(* Let $G$ be a graph on $V$ and $W\subseteq V$ nonempty. Then $W$ is minimally reducible in $G$ if and only if $W$ is the domain of a combinatorial reduction rule applicable to $G$, i.e. either $W=\{v\}$ where $v$ has a loop, or $W=\{v_1,v_2\}$ where $v_1,v_2$ are adjacent loopless vertices, or $W=\{v\}$ where $v$ is loopless and has no neighbors. Consequently the minimal graph reductions of $G$ are exactly the applicable rules $\mathrm{gpr}_v$, $\mathrm{gdr}_{v_1,v_2}$, $\mathrm{gnr}_v$.
   Context: A graph means a finite simple graph in which loops are allowed, with adjacency matrix $A$ over $\mathbf F_2$ ($A_{vv}=1$ iff $v$ has a loop). Let $\mathcal V$ be the $\mathbf F_2$-vector space with basis $V$ and $\mathcal E(x,y)=x^TAy$. For $W\subseteq V$, $\langle W\rangle$ is the span and $\langle W\rangle^{\perp\mathcal E}=\{x:\mathcal E(x,w)=0\ \forall w\in\langle W\rangle\}$. $W$ is reducible in $G$ if $\langle W\rangle+\langle W\rangle^{\perp\mathcal E}=\mathcal V$. A nonempty $W$ is minimally reducible if it is reducible and no nonempty proper subset of it is reducible. The combinatorial reduction rules (with domain ordered first, $R$ the principal submatrix on the other vertices): $\mathrm{gpr}_v$ applies iff $v$ has a loop, $\begin{pmatrix}1&Q\\Q^T&R\end{pmatrix}\mapsto R-Q^TQ$; $\mathrm{gdr}_{v_1,v_2}$ applies iff $v_1,v_2$ are loopless and adjacent, $\begin{pmatrix}J&Q\\Q^T&R\end{pmatrix}\mapsto R-Q^TJQ$, $J=\begin{pmatrix}0&1\\1&0\end{pmatrix}$; $\mathrm{gnr}_v$ applies iff $v$ is loopless with no neighbors, $\begin{pmatrix}0&\mathbf 0\\ \mathbf 0^T&R\end{pmatrix}\mapsto R$. *)

theory Defs
  imports Main
begin

(* Vectors of the F_2-space with basis V are encoded as subsets x of V
   (x = support of the coordinate vector); vector addition is symmetric difference. *)

definition graph :: "'a set \<Rightarrow> ('a \<Rightarrow> 'a \<Rightarrow> bool) \<Rightarrow> bool" where
  "graph V A \<longleftrightarrow> finite V \<and> (\<forall>u v. A u v \<longrightarrow> A v u) \<and> (\<forall>u v. A u v \<longrightarrow> u \<in> V \<and> v \<in> V)"

definition vadd :: "'a set \<Rightarrow> 'a set \<Rightarrow> 'a set" where
  "vadd x y = (x - y) \<union> (y - x)"

(* bilinear form E(x,y) = x^T A y over F_2 (True = 1) *)
definition bform :: "('a \<Rightarrow> 'a \<Rightarrow> bool) \<Rightarrow> 'a set \<Rightarrow> 'a set \<Rightarrow> bool" where
  "bform A x y \<longleftrightarrow> odd (card {(u, v). u \<in> x \<and> v \<in> y \<and> A u v})"

inductive_set span2 :: "'a set \<Rightarrow> 'a set set" for W :: "'a set" where
  zero: "{} \<in> span2 W"
| add: "x \<in> span2 W \<Longrightarrow> w \<in> W \<Longrightarrow> vadd x {w} \<in> span2 W"

definition perpE :: "'a set \<Rightarrow> ('a \<Rightarrow> 'a \<Rightarrow> bool) \<Rightarrow> 'a set \<Rightarrow> 'a set set" where
  "perpE V A W = {x. x \<subseteq> V \<and> (\<forall>w \<in> span2 W. \<not> bform A x w)}"

definition reducible :: "'a set \<Rightarrow> ('a \<Rightarrow> 'a \<Rightarrow> bool) \<Rightarrow> 'a set \<Rightarrow> bool" where
  "reducible V A W \<longleftrightarrow>
     {vadd a b | a b. a \<in> span2 W \<and> b \<in> perpE V A W} = Pow V"

definition minimally_reducible :: "'a set \<Rightarrow> ('a \<Rightarrow> 'a \<Rightarrow> bool) \<Rightarrow> 'a set \<Rightarrow> bool" where
  "minimally_reducible V A W \<longleftrightarrow> W \<noteq> {} \<and> reducible V A W \<and>
     (\<forall>W'. W' \<subset> W \<and> W' \<noteq> {} \<longrightarrow> \<not> reducible V A W')"

end

theory Submission
  imports Defs
begin

(* The form E is bilinear, and E({u},{w}) = 1 iff u and w are adjacent.
   Since span W is spanned by the basis vectors of W, a vector x is E-orthogonal to
   span W iff E(x,{w}) = 0 for all w in W.  Hence W is reducible iff every x can be
   matched by some a in span W, i.e. E(a,{w}) = E(x,{w}) for all w in W
   (then x = a + (a + x) with a + x orthogonal).

   From this criterion:
   - {v} with a loop, {v1,v2} with an edge between loopless v1,v2, and an isolated
     loopless {v} are reducible (their Gram matrices are invertible);
   - if W contains no adjacencies at all, reducibility forces every vertex of W to be
     isolated (match x = {u} for a neighbour u).
   The characterization of minimally reducible sets follows by a case distinction on
   whether W contains a loop, an edge, or neither. *)

lemma vadd_empty [simp]: "vadd {} x = x" "vadd x {} = x"
  by (auto simp: vadd_def)

lemma vadd_cancel_left: "vadd a (vadd a x) = x"
  by (auto simp: vadd_def)

lemma vadd_subset: "x \<subseteq> V \<Longrightarrow> y \<subseteq> V \<Longrightarrow> vadd x y \<subseteq> V"
  by (auto simp: vadd_def)

lemma span2_subset: "x \<in> span2 W \<Longrightarrow> x \<subseteq> W"
  by (induction rule: span2.induct) (auto simp: vadd_def)

lemma span2_basis: "w \<in> W \<Longrightarrow> {w} \<in> span2 W"
  using span2.add[OF span2.zero, of w] by simp

lemma span2_vadd:
  assumes "a \<in> span2 W" and "b \<in> span2 W"
  shows "vadd a b \<in> span2 W"
  using assms(2)
proof (induction b rule: span2.induct)
  case zero
  show ?case using assms(1) by simp
next
  case (add y w)
  have "vadd a (vadd y {w}) = vadd (vadd a y) {w}"
    by (auto simp: vadd_def)
  then show ?case using add by (simp add: span2.add)
qed

lemma odd_card_vadd:
  assumes "finite P" and "finite Q"
  shows "odd (card (vadd P Q)) \<longleftrightarrow> (odd (card P) \<noteq> odd (card Q))"
proof -
  have "card (vadd P Q) = card (P - Q) + card (Q - P)"
    unfolding vadd_def using assms by (simp add: card_Un_disjoint Diff_Int_distrib2)
  moreover have "card P = card (P \<inter> Q) + card (P - Q)" "card Q = card (P \<inter> Q) + card (Q - P)"
    using card_Int_Diff[OF assms(1), of Q] card_Int_Diff[OF assms(2), of P] by (simp_all add: Int_commute)
  ultimately show ?thesis by presburger
qed

lemma finite_adjacent_pairs:
  assumes "graph V A"
  shows "finite {(u, v). u \<in> x \<and> v \<in> y \<and> A u v}"
proof -
  have "{(u, v). u \<in> x \<and> v \<in> y \<and> A u v} \<subseteq> V \<times> V"
    using assms unfolding graph_def by auto
  then show ?thesis using assms unfolding graph_def by (meson finite_SigmaI rev_finite_subset)
qed

lemma bform_vadd_left:
  assumes "graph V A"
  shows "bform A (vadd x y) z \<longleftrightarrow> (bform A x z \<noteq> bform A y z)"
proof -
  have "{(u, v). u \<in> vadd x y \<and> v \<in> z \<and> A u v}
        = vadd {(u, v). u \<in> x \<and> v \<in> z \<and> A u v} {(u, v). u \<in> y \<and> v \<in> z \<and> A u v}"
    by (auto simp: vadd_def)
  then show ?thesis
    unfolding bform_def by (simp add: odd_card_vadd finite_adjacent_pairs[OF assms])
qed

lemma bform_vadd_right:
  assumes "graph V A"
  shows "bform A x (vadd y z) \<longleftrightarrow> (bform A x y \<noteq> bform A x z)"
proof -
  have "{(u, v). u \<in> x \<and> v \<in> vadd y z \<and> A u v}
        = vadd {(u, v). u \<in> x \<and> v \<in> y \<and> A u v} {(u, v). u \<in> x \<and> v \<in> z \<and> A u v}"
    by (auto simp: vadd_def)
  then show ?thesis
    unfolding bform_def by (simp add: odd_card_vadd finite_adjacent_pairs[OF assms])
qed

lemma bform_empty_left [simp]: "\<not> bform A {} y"
  and bform_empty_right [simp]: "\<not> bform A x {}"
  by (simp_all add: bform_def)

lemma bform_basis [simp]: "bform A {u} {w} \<longleftrightarrow> A u w"
proof -
  have "{(p, q). p \<in> {u} \<and> q \<in> {w} \<and> A p q} = (if A u w then {(u, w)} else {})"
    by auto
  then show ?thesis unfolding bform_def by simp
qed

lemma perpE_iff:
  assumes "graph V A"
  shows "x \<in> perpE V A W \<longleftrightarrow> x \<subseteq> V \<and> (\<forall>w \<in> W. \<not> bform A x {w})"
proof
  assume "x \<in> perpE V A W"
  then show "x \<subseteq> V \<and> (\<forall>w \<in> W. \<not> bform A x {w})"
    unfolding perpE_def by (simp add: span2_basis)
next
  assume x: "x \<subseteq> V \<and> (\<forall>w \<in> W. \<not> bform A x {w})"
  have "\<not> bform A x y" if "y \<in> span2 W" for y
    using that
  proof (induction rule: span2.induct)
    case zero
    then show ?case by simp
  next
    case (add y w)
    then show ?case using x by (simp add: bform_vadd_right[OF assms])
  qed
  then show "x \<in> perpE V A W"
    unfolding perpE_def using x by simp
qed

text \<open>W is reducible iff for every vector x some a in span W has the same form values
  as x on the basis vectors of W; then x = a + (a + x) with a + x orthogonal to W.\<close>

lemma reducible_iff_matching:
  assumes g: "graph V A" and WV: "W \<subseteq> V"
  shows "reducible V A W \<longleftrightarrow>
           (\<forall>x \<subseteq> V. \<exists>a \<in> span2 W. \<forall>w \<in> W. bform A a {w} \<longleftrightarrow> bform A x {w})"
proof -
  have shift_perp: "vadd a x \<in> perpE V A W \<longleftrightarrow> (\<forall>w \<in> W. bform A a {w} \<longleftrightarrow> bform A x {w})"
    if "a \<in> span2 W" "x \<subseteq> V" for a x
  proof -
    have "a \<subseteq> V" using span2_subset[OF that(1)] WV by blast
    then have "vadd a x \<subseteq> V" using that(2) by (rule vadd_subset)
    then show ?thesis by (auto simp: perpE_iff[OF g] bform_vadd_left[OF g])
  qed
  show ?thesis
  proof
    assume red: "reducible V A W"
    show "\<forall>x \<subseteq> V. \<exists>a \<in> span2 W. \<forall>w \<in> W. bform A a {w} \<longleftrightarrow> bform A x {w}"
    proof (intro allI impI)
      fix x assume x: "x \<subseteq> V"
      have "x \<in> {vadd a b | a b. a \<in> span2 W \<and> b \<in> perpE V A W}"
        using red x unfolding reducible_def by simp
      then obtain a b where ab: "x = vadd a b" and a: "a \<in> span2 W" and b: "b \<in> perpE V A W"
        by blast
      have "vadd a x \<in> perpE V A W"
        using b by (simp add: ab vadd_cancel_left)
      then show "\<exists>a \<in> span2 W. \<forall>w \<in> W. bform A a {w} \<longleftrightarrow> bform A x {w}"
        using shift_perp[OF a x] a by blast
    qed
  next
    assume match: "\<forall>x \<subseteq> V. \<exists>a \<in> span2 W. \<forall>w \<in> W. bform A a {w} \<longleftrightarrow> bform A x {w}"
    show "reducible V A W"
      unfolding reducible_def
    proof (intro equalityI subsetI)
      fix y assume "y \<in> {vadd a b | a b. a \<in> span2 W \<and> b \<in> perpE V A W}"
      then obtain a b where "y = vadd a b" "a \<in> span2 W" "b \<in> perpE V A W"
        by blast
      moreover have "a \<subseteq> V" using span2_subset[OF \<open>a \<in> span2 W\<close>] WV by blast
      moreover have "b \<subseteq> V" using \<open>b \<in> perpE V A W\<close> by (simp add: perpE_def)
      ultimately show "y \<in> Pow V" by (simp add: vadd_subset)
    next
      fix x assume "x \<in> Pow V"
      then have x: "x \<subseteq> V" by simp
      then obtain a where a: "a \<in> span2 W" and "\<forall>w \<in> W. bform A a {w} \<longleftrightarrow> bform A x {w}"
        using match by blast
      then have "vadd a x \<in> perpE V A W" using shift_perp[OF a x] by blast
      moreover have "x = vadd a (vadd a x)" by (simp add: vadd_cancel_left)
      ultimately show "x \<in> {vadd a b | a b. a \<in> span2 W \<and> b \<in> perpE V A W}"
        using a by blast
    qed
  qed
qed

....

What to work on. Copy whichever lines above contain the string "that".

Exercise result.
    using that
    have "a \<subseteq> V" using span2_subset[OF that(1)] WV by blast
    then have "vadd a x \<subseteq> V" using that(2) by (rule vadd_subset)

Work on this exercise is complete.